> **Work item**:
Below are entries; copy exactly the lines from the one with "obtain \<sigma> where" through the one with "of side h\<close>", both included, and leave out the rest.

[Data for processing Boundary: Start]

(* Suppose $\phi_1,\phi_2$ satisfy the Doubrov–Ferapontov modified heavenly hierarchy $(\Phi_1\wedge\Phi_2)_-=0$, and let $u$ be a function with $g_1=u_x$ and $f_1=u_y$ (so that $f_{1,z_j}=u_{yz_j}$, $g_{1,z_j}=u_{xz_j}$). Then the Lax–Sato equations take the Hamiltonian form $$\frac{\partial\vec\phi}{\partial t_n}=\{-\lambda^n y+A_n,\vec\phi\}\ (n\ge1),\qquad \lambda\frac{\partial\vec\phi}{\partial z_j}=\{-\lambda^j x+B_j,\vec\phi\}\ (j\ge2),\qquad \lambda\frac{\partial\vec\phi}{\partial z_1}=\{B_1,\vec\phi\},$$ where $A_n=\sum_{k=1}^{n}\lambda^{n-k}g_k$, $B_j=-\sum_{m=1}^{j}\lambda^{j-m}f_m-u_{z_j}$ for $j\ge2$, and $B_1=-u_{z_1}$.
   Context: Independent variables are $x,y$ and two infinite families $t_1,t_2,\dots$ and $z_1,z_2,\dots$; write $t:=t_1$, $z:=z_1$. $\lambda$ is a formal spectral parameter; $(\cdot)_+$ and $(\cdot)_-$ denote the parts of a formal Laurent series in $\lambda$ with nonnegative, resp. negative, powers. Consider formal series $\phi_1=-y+\sum_{j\ge2}z_j\lambda^{j-1}+\sum_{k\ge1}g_k\lambda^{-k}$, $\phi_2=x+t_1\lambda+\sum_{n\ge2}t_n\lambda^n+\sum_{m\ge1}f_m\lambda^{-m}$, where $g_k,f_m$ are functions of $(x,y,t_1,t_2,\dots,z_1,z_2,\dots)$, and $\vec\phi=(\phi_1,\phi_2)^T$. Define the 1-forms $\Phi_i=\phi_{i,x}dx+\phi_{i,y}dy+\sum_{n\ge1}\phi_{i,t_n}dt_n+\lambda\sum_{j\ge1}\phi_{i,z_j}dz_j$. The Doubrov–Ferapontov modified heavenly hierarchy is $(\Phi_1\wedge\Phi_2)_-=0$: the negative-power part of the coefficient of every basis 2-form vanishes, the coefficient of $da\wedge db$ being $\lambda^{\epsilon}(\phi_{1,a}\phi_{2,b}-\phi_{1,b}\phi_{2,a})$ with $\epsilon$ the number of $z$-variables among $a,b$. The Poisson bracket is $\{F,G\}=F_xG_y-F_yG_x$, applied componentwise to $\vec\phi$. Subscripts denote partial derivatives. *)

theory Defs
  imports "HOL-Analysis.Analysis" "HOL-Computational_Algebra.Formal_Laurent_Series"
begin

text \<open>Independent variables: X = x, Y = y, T n = t_n, Z n = z_n (n \<ge> 1).
  The coordinates T 0 and Z 0 are inert dummy coordinates (not among the paper's variables).\<close>
datatype coord = X | Y | T nat | Z nat

fun valid_coord :: "coord \<Rightarrow> bool" where
  "valid_coord (T n) = (n \<ge> 1)"
| "valid_coord (Z n) = (n \<ge> 1)"
| "valid_coord _ = True"

type_synonym point = "coord \<Rightarrow> real"

definition pd :: "coord \<Rightarrow> (point \<Rightarrow> real) \<Rightarrow> point \<Rightarrow> real" where
  "pd a F p = deriv (\<lambda>h. F (p(a := h))) (p a)"

fun ipd :: "coord list \<Rightarrow> (point \<Rightarrow> real) \<Rightarrow> point \<Rightarrow> real" where
  "ipd [] F = F"
| "ipd (a # as) F = pd a (ipd as F)"

definition smooth_fn :: "(point \<Rightarrow> real) \<Rightarrow> bool" where
  "smooth_fn F \<longleftrightarrow>
     (\<forall>as a p. (\<lambda>h. ipd as F (p(a := h))) differentiable (at (p a))) \<and>
     (\<forall>as a b p. continuous_on UNIV (\<lambda>v::real \<times> real. ipd as F (p(a := fst v, b := snd v))))"

text \<open>Such series are represented as formal Laurent series (type fls) in \<mu> = 1/lambda;
  the coefficient of \<lambda>^k is the coefficient of \<mu>^(-k).\<close>

definition lamb :: "real fls" where "lamb = fls_X_inv"

definition lcoeff :: "real fls \<Rightarrow> int \<Rightarrow> real" where
  "lcoeff F k = fls_nth F (- k)"

text \<open>The series with coefficient c k at \<lambda>^k (meaningful when c is bounded above).\<close>
definition lser :: "(int \<Rightarrow> real) \<Rightarrow> real fls" where
  "lser c = Abs_fls (\<lambda>n. c (- n))"

definition neg_part_zero :: "real fls \<Rightarrow> bool" where
  "neg_part_zero F \<longleftrightarrow> (\<forall>k < 0. lcoeff F k = 0)"

text \<open>Families of functions indexed by the power of \<lambda> (series with function coefficients).\<close>
type_synonym cfam = "int \<Rightarrow> point \<Rightarrow> real"

definition D :: "coord \<Rightarrow> cfam \<Rightarrow> point \<Rightarrow> real fls" where
  "D a c p = lser (\<lambda>k. pd a (c k) p)"

definition coeffs :: "(point \<Rightarrow> real fls) \<Rightarrow> cfam" where
  "coeffs H = (\<lambda>k q. lcoeff (H q) k)"

definition PB :: "cfam \<Rightarrow> cfam \<Rightarrow> point \<Rightarrow> real fls" where
  "PB F G p = D X F p * D Y G p - D Y F p * D X G p"

text \<open>phi1 = -y + \<Sum>_{j\<ge>2} z_j \<lambda>^(j-1) + \<Sum>_{k\<ge>1} g_k \<lambda>^(-k).\<close>
definition phi1 :: "(nat \<Rightarrow> point \<Rightarrow> real) \<Rightarrow> cfam" where
  "phi1 g k = (if k < 0 then g (nat (- k))
               else if k = 0 then (\<lambda>p. - p Y)
               else (\<lambda>p. p (Z (nat k + 1))))"

text \<open>phi2 = x + t_1 \<lambda> + \<Sum>_{n\<ge>2} t_n \<lambda>^n + \<Sum>_{m\<ge>1} f_m \<lambda>^(-m).\<close>
definition phi2 :: "(nat \<Rightarrow> point \<Rightarrow> real) \<Rightarrow> cfam" where
  "phi2 f k = (if k < 0 then f (nat (- k))
               else if k = 0 then (\<lambda>p. p X)
               else (\<lambda>p. p (T (nat k))))"

fun zcount :: "coord \<Rightarrow> nat" where
  "zcount (Z _) = 1"
| "zcount _ = 0"

definition DF_hierarchy :: "(nat \<Rightarrow> point \<Rightarrow> real) \<Rightarrow> (nat \<Rightarrow> point \<Rightarrow> real) \<Rightarrow> bool" where
  "DF_hierarchy g f \<longleftrightarrow>
     (\<forall>a b p. valid_coord a \<longrightarrow> valid_coord b \<longrightarrow>
        neg_part_zero (lamb ^ (zcount a + zcount b) *
          (D a (phi1 g) p * D b (phi2 f) p - D b (phi1 g) p * D a (phi2 f) p)))"

end

theory Submission
  imports Defs
begin

(*
  The coefficient of dx \<and> dy in Phi1 \<and> Phi2 is the Poisson bracket {phi1, phi2}, which is 1
  plus negative powers of lambda; the hierarchy therefore normalises it to {phi1, phi2} = 1. For any
  other time a (a = t_n, or a = z_j with the extra factor lambda), the coefficients of dx \<and> da and
  dy \<and> da have no negative part, so they equal their polynomial parts, and these are exactly H_x and
  H_y for the stated Hamiltonian H; the terms g_1 = u_x, f_1 = u_y are matched by u_{x z_j} = u_{z_j x}
  (Schwarz's theorem). Solving the linear system for (H_x, H_y) by Cramer's rule, with determinant
  {phi1, phi2} = 1, gives {H, phi_i} = lambda^eps * phi_{i,a}.
*)

section \<open>Symmetry of mixed partial derivatives\<close>

lemma mixed_second_difference_mvt:
  fixes G Gs Gt Gst Gts :: "real \<Rightarrow> real \<Rightarrow> real"
  assumes d_s: "\<And>s t. ((\<lambda>s. G s t) has_real_derivative Gs s t) (at s)"
    and d_st: "\<And>s t. ((\<lambda>t. Gs s t) has_real_derivative Gst s t) (at t)"
    and d_t: "\<And>s t. ((\<lambda>t. G s t) has_real_derivative Gt s t) (at t)"
    and d_ts: "\<And>s t. ((\<lambda>s. Gt s t) has_real_derivative Gts s t) (at s)"
    and h: "h > 0"
  obtains \<xi> \<eta> \<sigma> \<tau> where "\<xi> \<in> {s0<..<s0+h}" "\<sigma> \<in> {s0<..<s0+h}"
    "\<eta> \<in> {t0<..<t0+h}" "\<tau> \<in> {t0<..<t0+h}" "Gst \<xi> \<eta> = Gts \<sigma> \<tau>"
proof -
  have s: "s0 < s0 + h" and t: "t0 < t0 + h" using h by auto
  obtain \<xi> where \<xi>: "s0 < \<xi>" "\<xi> < s0 + h"
    "(G (s0+h) (t0+h) - G (s0+h) t0) - (G s0 (t0+h) - G s0 t0) = h * (Gs \<xi> (t0+h) - Gs \<xi> t0)"
    using MVT2[OF s, of "\<lambda>s. G s (t0+h) - G s t0" "\<lambda>s. Gs s (t0+h) - Gs s t0"]
      DERIV_diff[OF d_s d_s] by auto
  obtain \<eta> where \<eta>: "t0 < \<eta>" "\<eta> < t0 + h" "Gs \<xi> (t0+h) - Gs \<xi> t0 = h * Gst \<xi> \<eta>"
    using MVT2[OF t, of "Gs \<xi>" "Gst \<xi>"] d_st by auto
  obtain \<tau> where \<tau>: "t0 < \<tau>" "\<tau> < t0 + h"
    "(G (s0+h) (t0+h) - G s0 (t0+h)) - (G (s0+h) t0 - G s0 t0) = h * (Gt (s0+h) \<tau> - Gt s0 \<tau>)"
    using MVT2[OF t, of "\<lambda>t. G (s0+h) t - G s0 t" "\<lambda>t. Gt (s0+h) t - Gt s0 t"]
      DERIV_diff[OF d_t d_t] by auto
  obtain \<sigma> where \<sigma>: "s0 < \<sigma>" "\<sigma> < s0 + h" "Gt (s0+h) \<tau> - Gt s0 \<tau> = h * Gts \<sigma> \<tau>"
    using MVT2[OF s, of "\<lambda>s. Gt s \<tau>" "\<lambda>s. Gts s \<tau>"] d_ts by auto
  \<comment> \<open>both expansions compute the same second difference of G over the square of side h\<close>
  have "h * (h * Gst \<xi> \<eta>) = h * (h * Gts \<sigma> \<tau>)"
    using \<xi>(3) \<eta>(3) \<tau>(3) \<sigma>(3) by (simp add: algebra_simps)
  with h have "Gst \<xi> \<eta> = Gts \<sigma> \<tau>" by simp
  with \<xi> \<eta> \<sigma> \<tau> show thesis using that by simp
qed

lemma mixed_partials_eq:
  fixes G Gs Gt Gst Gts :: "real \<Rightarrow> real \<Rightarrow> real"
  assumes d_s: "\<And>s t. ((\<lambda>s. G s t) has_real_derivative Gs s t) (at s)"
    and d_st: "\<And>s t. ((\<lambda>t. Gs s t) has_real_derivative Gst s t) (at t)"
    and d_t: "\<And>s t. ((\<lambda>t. G s t) has_real_derivative Gt s t) (at t)"
    and d_ts: "\<And>s t. ((\<lambda>s. Gt s t) has_real_derivative Gts s t) (at s)"
    and c_st: "continuous_on UNIV (\<lambda>v. Gst (fst v) (snd v))"
    and c_ts: "continuous_on UNIV (\<lambda>v. Gts (fst v) (snd v))"
  shows "Gst s0 t0 = Gts s0 t0"
proof -
  have close: "\<bar>Gst s0 t0 - Gts s0 t0\<bar> < 2 * e" if e: "e > 0" for e
  proof -
    obtain \<delta>st where \<delta>st: "\<delta>st > 0"
      "\<And>v. dist v (s0, t0) < \<delta>st \<Longrightarrow> dist (Gst (fst v) (snd v)) (Gst s0 t0) < e"
      using c_st e unfolding continuous_on_iff by (metis UNIV_I fst_conv snd_conv)
    obtain \<delta>ts where \<delta>ts: "\<delta>ts > 0"
      "\<And>v. dist v (s0, t0) < \<delta>ts \<Longrightarrow> dist (Gts (fst v) (snd v)) (Gts s0 t0) < e"
      using c_ts e unfolding continuous_on_iff by (metis UNIV_I fst_conv snd_conv)
    define h where "h = min \<delta>st \<delta>ts / 2"
    have h: "h > 0" using \<delta>st \<delta>ts by (simp add: h_def)
    have near: "dist (a, b) (s0, t0) < 2 * h" if "a \<in> {s0<..<s0+h}" "b \<in> {t0<..<t0+h}" for a b
    proof -
      have "dist (a, b) (s0, t0) \<le> norm (a - s0) + norm (b - t0)"
        using norm_Pair_le[of "a - s0" "b - t0"] by (simp add: dist_norm)
      with that show ?thesis by simp
    qed
    obtain \<xi> \<eta> \<sigma> \<tau> where box: "\<xi> \<in> {s0<..<s0+h}" "\<sigma> \<in> {s0<..<s0+h}"
      "\<eta> \<in> {t0<..<t0+h}" "\<tau> \<in> {t0<..<t0+h}" and eq: "Gst \<xi> \<eta> = Gts \<sigma> \<tau>"
      using mixed_second_difference_mvt[OF d_s d_st d_t d_ts h] by metis
    have "dist (Gst \<xi> \<eta>) (Gst s0 t0) < e"
      using \<delta>st(2)[of "(\<xi>, \<eta>)"] near[OF box(1,3)] by (simp add: h_def)
    moreover have "dist (Gts \<sigma> \<tau>) (Gts s0 t0) < e"
      using \<delta>ts(2)[of "(\<sigma>, \<tau>)"] near[OF box(2,4)] by (simp add: h_def)
    ultimately show ?thesis using eq by (simp add: dist_real_def)
  qed
  have "Gst s0 t0 - Gts s0 t0 = 0"
    by (rule dense_eq0_I) (use close[of "e / 2" for e] in fastforce)
  then show ?thesis by simp
qed

lemma has_real_derivative_pd:
  assumes "smooth_fn F"
  shows "((\<lambda>h. ipd as F (q(a := h))) has_real_derivative pd a (ipd as F) q) (at (q a))"
proof -
  have "(\<lambda>h. ipd as F (q(a := h))) differentiable (at (q a))"
    using assms unfolding smooth_fn_def by blast
  then show ?thesis unfolding pd_def by (simp add: DERIV_deriv_iff_real_differentiable)
qed

lemma pd_commute:
  assumes F: "smooth_fn F"
  shows "pd a (pd b F) p = pd b (pd a F) p"
proof (cases "a = b")
  case False
  define P where "P s t = p(a := s, b := t)" for s t
  have upd_a: "(P s t)(a := h) = P h t" and upd_b: "(P s t)(b := h) = P s h" for s t h
    using False by (simp_all add: P_def fun_upd_twist)
  have at_a: "P s t a = s" and at_b: "P s t b = t" for s t
    using False by (simp_all add: P_def)
  have deriv_a: "((\<lambda>s. ipd as F (P s t)) has_real_derivative pd a (ipd as F) (P s t)) (at s)"
    for as s t using has_real_derivative_pd[OF F, of as "P s t" a] by (simp add: upd_a at_a)
  have deriv_b: "((\<lambda>t. ipd as F (P s t)) has_real_derivative pd b (ipd as F) (P s t)) (at t)"
    for as s t using has_real_derivative_pd[OF F, of as "P s t" b] by (simp add: upd_b at_b)
  have cont: "continuous_on UNIV (\<lambda>v. ipd as F (P (fst v) (snd v)))" for as
    using F unfolding smooth_fn_def P_def by blast
  have "pd b (pd a F) (P s0 t0) = pd a (pd b F) (P s0 t0)" for s0 t0
    using deriv_a[of "[]"] deriv_b[of "[a]"] deriv_b[of "[]"] deriv_a[of "[b]"]
      cont[of "[b, a]"] cont[of "[a, b]"]
    by (intro mixed_partials_eq[where G = "\<lambda>s t. F (P s t)"
          and Gs = "\<lambda>s t. pd a F (P s t)" and Gt = "\<lambda>s t. pd b F (P s t)"]) simp_all
  from this[of "p a" "p b"] show ?thesis by (simp add: P_def)
qed simp

lemma smooth_fn_pd:
  assumes "smooth_fn F" shows "smooth_fn (pd a F)"
proof -
  have "ipd as (pd a F) = ipd (as @ [a]) F" for as
    by (induction as) auto
  then show ?thesis using assms unfolding smooth_fn_def by metis
qed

[Data for processing Boundary: End]

> **Result of the task**:
  obtain \<sigma> where \<sigma>: "s0 < \<sigma>" "\<sigma> < s0 + h" "Gt (s0+h) \<tau> - Gt s0 \<tau> = h * Gts \<sigma> \<tau>"
    using MVT2[OF s, of "\<lambda>s. Gt s \<tau>" "\<lambda>s. Gts s \<tau>"] d_ts by auto
  \<comment> \<open>both expansions compute the same second difference of G over the square of side h\<close>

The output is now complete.